* What to produce:
Scan the material below for "ultimately", then return each line that contains it.

%%

(* Let $B=(T,D,\lambda)$ be an upwards closed quasi-bush containing no coat hangers and let $w\in V(T)$. Then every node $v\in\mathrm{OUT}(w,B)$ with $v\neq w$ is a child of $w$ in $T$.
   Context: A quasi-bush $B=(T,D,\lambda)$: a rooted tree $T$, a set $D$ of pointers from leaves of $T$ to nodes of $T$ (every leaf points to the root), and $\lambda\colon D\to\{0,1\}$. $v\le_T w$ means $v$ is an ancestor of $w$ (including $v=w$); $T(a)$ is the subtree of descendants of $a$. $G(B)$ is the directed graph on the leaves of $T$ where, for distinct leaves $u,v$ and $w$ the lowest ancestor of $v$ with $(u,w)\in D$, $(u,v)$ is an arc iff $\lambda((u,w))=1$; this $w$ is the connection point of $(u,v)$. $B$ is upwards closed if $(u,w)\in D$ and $w'\le_T w$ imply $(u,w')\in D$. A coat hanger is a subtree $T(a)$ such that $a$ is not the root, $a$ is not a leaf, and there is a leaf $v$ with $(v,p)\in D$, $\lambda((v,p))=1$ for the parent $p$ of $a$, and $v$ has no pointer to any node of $T(a)$. $\mathrm{OUT}(w,B)$ is the set of all $v$ such that $w$ is the connection point of some arc $(u,v)$ of $G(B)$. *)

theory Defs
  imports Main
begin

definition rooted_tree :: "'a set \<Rightarrow> 'a \<Rightarrow> ('a \<Rightarrow> 'a) \<Rightarrow> bool" where
  "rooted_tree V r par \<longleftrightarrow> finite V \<and> r \<in> V \<and> par r = r \<and>
     (\<forall>v\<in>V. v \<noteq> r \<longrightarrow> par v \<in> V \<and> (\<exists>n. (par ^^ n) v = r))"

text \<open>anc V par v w: v is an ancestor of w (v \<le>_T w), including v = w.\<close>
definition anc :: "'a set \<Rightarrow> ('a \<Rightarrow> 'a) \<Rightarrow> 'a \<Rightarrow> 'a \<Rightarrow> bool" where
  "anc V par v w \<longleftrightarrow> w \<in> V \<and> (\<exists>n. (par ^^ n) w = v)"

definition is_child :: "'a set \<Rightarrow> 'a \<Rightarrow> ('a \<Rightarrow> 'a) \<Rightarrow> 'a \<Rightarrow> 'a \<Rightarrow> bool" where
  "is_child V r par c w \<longleftrightarrow> c \<in> V \<and> c \<noteq> r \<and> par c = w"

definition is_leaf :: "'a set \<Rightarrow> 'a \<Rightarrow> ('a \<Rightarrow> 'a) \<Rightarrow> 'a \<Rightarrow> bool" where
  "is_leaf V r par v \<longleftrightarrow> v \<in> V \<and> \<not> (\<exists>c. is_child V r par c v)"

definition subtree :: "'a set \<Rightarrow> ('a \<Rightarrow> 'a) \<Rightarrow> 'a \<Rightarrow> 'a set" where
  "subtree V par a = {x. anc V par a x}"

text \<open>Quasi-bush (T, D, lambda): labels 0/1 are encoded as False/True.\<close>
definition quasi_bush :: "'a set \<Rightarrow> 'a \<Rightarrow> ('a \<Rightarrow> 'a) \<Rightarrow> ('a \<times> 'a) set \<Rightarrow> ('a \<times> 'a \<Rightarrow> bool) \<Rightarrow> bool" where
  "quasi_bush V r par D lam \<longleftrightarrow> rooted_tree V r par \<and>
     (\<forall>(u, w)\<in>D. is_leaf V r par u \<and> w \<in> V) \<and>
     (\<forall>u. is_leaf V r par u \<longrightarrow> (u, r) \<in> D)"

definition conn_point :: "'a set \<Rightarrow> 'a \<Rightarrow> ('a \<Rightarrow> 'a) \<Rightarrow> ('a \<times> 'a) set \<Rightarrow> 'a \<Rightarrow> 'a \<Rightarrow> 'a \<Rightarrow> bool" where
  "conn_point V r par D u v w \<longleftrightarrow> anc V par w v \<and> (u, w) \<in> D \<and>
     (\<forall>w'. anc V par w' v \<and> (u, w') \<in> D \<longrightarrow> anc V par w' w)"

definition arc :: "'a set \<Rightarrow> 'a \<Rightarrow> ('a \<Rightarrow> 'a) \<Rightarrow> ('a \<times> 'a) set \<Rightarrow> ('a \<times> 'a \<Rightarrow> bool) \<Rightarrow> 'a \<Rightarrow> 'a \<Rightarrow> bool" where
  "arc V r par D lam u v \<longleftrightarrow> is_leaf V r par u \<and> is_leaf V r par v \<and> u \<noteq> v \<and>
     (\<exists>w. conn_point V r par D u v w \<and> lam (u, w))"

definition upwards_closed :: "'a set \<Rightarrow> ('a \<Rightarrow> 'a) \<Rightarrow> ('a \<times> 'a) set \<Rightarrow> bool" where
  "upwards_closed V par D \<longleftrightarrow> (\<forall>u w w'. (u, w) \<in> D \<and> anc V par w' w \<longrightarrow> (u, w') \<in> D)"

definition coat_hanger :: "'a set \<Rightarrow> 'a \<Rightarrow> ('a \<Rightarrow> 'a) \<Rightarrow> ('a \<times> 'a) set \<Rightarrow> ('a \<times> 'a \<Rightarrow> bool) \<Rightarrow> 'a \<Rightarrow> bool" where
  "coat_hanger V r par D lam a \<longleftrightarrow> a \<in> V \<and> a \<noteq> r \<and> \<not> is_leaf V r par a \<and>
     (\<exists>v. is_leaf V r par v \<and> (v, par a) \<in> D \<and> lam (v, par a) \<and>
          (\<forall>x\<in>subtree V par a. (v, x) \<notin> D))"

definition OUT :: "'a set \<Rightarrow> 'a \<Rightarrow> ('a \<Rightarrow> 'a) \<Rightarrow> ('a \<times> 'a) set \<Rightarrow> ('a \<times> 'a \<Rightarrow> bool) \<Rightarrow> 'a \<Rightarrow> 'a set" where
  "OUT V r par D lam w = {v. \<exists>u. arc V r par D lam u v \<and> conn_point V r par D u v w}"

end

theory Submission
  imports Defs
begin

text \<open>Let u witness v \<in> OUT(w) and suppose v is not a child of w. Then the child a of w on the
  path to v is a proper ancestor of v, hence not a leaf. Since w is the lowest ancestor of v
  that u points to, u points neither to a nor, by upwards closure, into T(a); and u points to
  par a = w with label 1. So T(a) is a coat hanger.\<close>

lemma rooted_tree_funpow_closed:
  "rooted_tree V r par \<Longrightarrow> x \<in> V \<Longrightarrow> (par ^^ n) x \<in> V"
  by (induction n) (auto simp: rooted_tree_def)

lemma rooted_tree_funpow_root:
  assumes "rooted_tree V r par"
  shows "(par ^^ n) r = r"
proof -
  have "(par ^^ 1) r = r" using assms by (simp add: rooted_tree_def)
  then show ?thesis using funpow_mod_eq[where f = par and n = 1 and x = r and m = n] by simp
qed

lemma rooted_tree_periodic_imp_root:
  assumes tree: "rooted_tree V r par" and "x \<in> V" and "k > 0" and period: "(par ^^ k) x = x"
  shows "x = r"
proof (rule ccontr)
  assume "x \<noteq> r"
  then obtain N where N: "(par ^^ N) x = r"
    using tree \<open>x \<in> V\<close> unfolding rooted_tree_def by blast
  define M where "M = N * k"
  have "N \<le> M" using \<open>k > 0\<close> by (simp add: M_def)
  have "x = (par ^^ (M mod k)) x" by (simp add: M_def)
  also have "\<dots> = (par ^^ M) x" using funpow_mod_eq[OF period] .
  also have "\<dots> = (par ^^ (M - N + N)) x" using \<open>N \<le> M\<close> by simp
  also have "\<dots> = (par ^^ (M - N)) ((par ^^ N) x)" by (simp only: funpow_add comp_apply)
  also have "\<dots> = r" using N rooted_tree_funpow_root[OF tree] by simp
  finally show False using \<open>x \<noteq> r\<close> by simp
qed

lemma anc_antisym:
  assumes tree: "rooted_tree V r par" and "anc V par v w" and "anc V par w v"
  shows "v = w"
proof -
  obtain p q where p: "(par ^^ p) w = v" and q: "(par ^^ q) v = w" and "w \<in> V"
    using assms(2,3) unfolding anc_def by blast
  have cycle: "(par ^^ (q + p)) w = w" using p q by (simp add: funpow_add)
  show ?thesis
  proof (cases "q + p = 0")
    case True
    then show ?thesis using p by simp
  next
    case False
    then have "w = r" using rooted_tree_periodic_imp_root[OF tree \<open>w \<in> V\<close> _ cycle] by simp
    then show ?thesis using p rooted_tree_funpow_root[OF tree] by simp
  qed
qed

lemma is_child_neq:
  assumes tree: "rooted_tree V r par" and "is_child V r par c a"
  shows "c \<noteq> a"
proof
  assume "c = a"
  with assms(2) have "(par ^^ 1) c = c" and "c \<in> V" and "c \<noteq> r"
    unfolding is_child_def by auto
  then show False using rooted_tree_periodic_imp_root[OF tree, of c 1] by simp
qed

lemma is_child_imp_anc:
  assumes "is_child V r par c a"
  shows "anc V par a c"
proof -
  have "(par ^^ 1) c = a" using assms by (simp add: is_child_def)
  then show ?thesis using assms unfolding anc_def is_child_def by blast
qed

lemma anc_strict_obtain_child:
  assumes tree: "rooted_tree V r par" and "anc V par a v" and "v \<noteq> a"
  obtains c where "is_child V r par c a" and "anc V par c v"
proof -
  have "v \<in> V" and "\<exists>n. (par ^^ n) v = a" using assms(2) unfolding anc_def by auto
  define n where "n = (LEAST n. (par ^^ n) v = a)"
  have n: "(par ^^ n) v = a" unfolding n_def by (rule LeastI_ex) fact
  have shorter: "(par ^^ m) v \<noteq> a" if "m < n" for m
    using that not_less_Least unfolding n_def by blast
  obtain m where m: "n = Suc m" using n \<open>v \<noteq> a\<close> by (cases n) auto
  define c where "c = (par ^^ m) v"
  have "par c = a" using n m by (simp add: c_def)
  moreover have "c \<noteq> a" using shorter m by (simp add: c_def)
  moreover have "par r = r" using tree by (simp add: rooted_tree_def)
  ultimately have "c \<noteq> r" by auto
  moreover have "c \<in> V" using rooted_tree_funpow_closed[OF tree \<open>v \<in> V\<close>] by (simp add: c_def)
  moreover have "anc V par c v" using \<open>v \<in> V\<close> by (auto simp: anc_def c_def)
  ultimately show thesis using that \<open>par c = a\<close> by (simp add: is_child_def)
qed

lemma anc_strict_not_leaf:
  "rooted_tree V r par \<Longrightarrow> anc V par a v \<Longrightarrow> v \<noteq> a \<Longrightarrow> \<not> is_leaf V r par a"
  by (metis anc_strict_obtain_child is_leaf_def)

lemma conn_point_unique:
  assumes "rooted_tree V r par"
    and "conn_point V r par D u v w" and "conn_point V r par D u v w'"
  shows "w = w'"
proof -
  have "anc V par w w'" and "anc V par w' w"
    using assms(2,3) unfolding conn_point_def by blast+
  then show ?thesis using anc_antisym[OF assms(1)] by blast
qed

lemma arc_conn_point_label:
  assumes "rooted_tree V r par"
    and "arc V r par D lam u v" and "conn_point V r par D u v w"
  shows "lam (u, w)"
proof -
  obtain w' where "conn_point V r par D u v w'" and "lam (u, w')"
    using assms(2) unfolding arc_def by blast
  then show ?thesis using conn_point_unique[OF assms(1,3)] by simp
qed

lemma conn_point_no_pointer_below_child:
  assumes tree: "rooted_tree V r par" and closed: "upwards_closed V par D"
    and cp: "conn_point V r par D u v w"
    and child: "is_child V r par a w" and "anc V par a v"
    and "x \<in> subtree V par a"
  shows "(u, x) \<notin> D"
proof
  assume "(u, x) \<in> D"
  then have "(u, a) \<in> D"
    using closed \<open>x \<in> subtree V par a\<close> unfolding upwards_closed_def subtree_def by blast
  then have "anc V par a w" using cp \<open>anc V par a v\<close> unfolding conn_point_def by blast
  then have "a = w" using anc_antisym[OF tree _ is_child_imp_anc[OF child]] by blast
  then show False using is_child_neq[OF tree child] by simp
qed

theorem lemma7p31:
  assumes "quasi_bush V r par D lam"
    and "upwards_closed V par D"
    and "\<not> (\<exists>a. coat_hanger V r par D lam a)"
    and "w \<in> V"
    and "v \<in> OUT V r par D lam w"
    and "v \<noteq> w"
  shows "is_child V r par v w"
proof -
  have tree: "rooted_tree V r par" using assms(1) unfolding quasi_bush_def by blast
  obtain u where arc: "arc V r par D lam u v" and cp: "conn_point V r par D u v w"
    using assms(5) unfolding OUT_def by blast
  have "anc V par w v" using cp unfolding conn_point_def by blast
  then obtain a where child: "is_child V r par a w" and "anc V par a v"
    using anc_strict_obtain_child[OF tree _ assms(6)] by blast
  show ?thesis
  proof (cases "v = a")
    case False
    have "coat_hanger V r par D lam a"
      unfolding coat_hanger_def
    proof (intro conjI exI[of _ u])
      show "a \<in> V" "a \<noteq> r" using child unfolding is_child_def by auto
      show "\<not> is_leaf V r par a" using anc_strict_not_leaf[OF tree \<open>anc V par a v\<close> False] .
      show "is_leaf V r par u" using arc unfolding arc_def by blast
      have "par a = w" using child by (simp add: is_child_def)
      then show "(u, par a) \<in> D" "lam (u, par a)"
        using cp arc_conn_point_label[OF tree arc cp] by (simp_all add: conn_point_def)
      show "\<forall>x\<in>subtree V par a. (u, x) \<notin> D"
        using conn_point_no_pointer_below_child[OF tree assms(2) cp child \<open>anc V par a v\<close>] by blast
    qed
    with assms(3) show ?thesis by blast
  next
    case True
    with child show ?thesis by simp
  qed
qed

end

%%

* Solution to this problem:
  ultimately have "c \<noteq> r" by auto
  ultimately show thesis using that \<open>par c = a\<close> by (simp add: is_child_def)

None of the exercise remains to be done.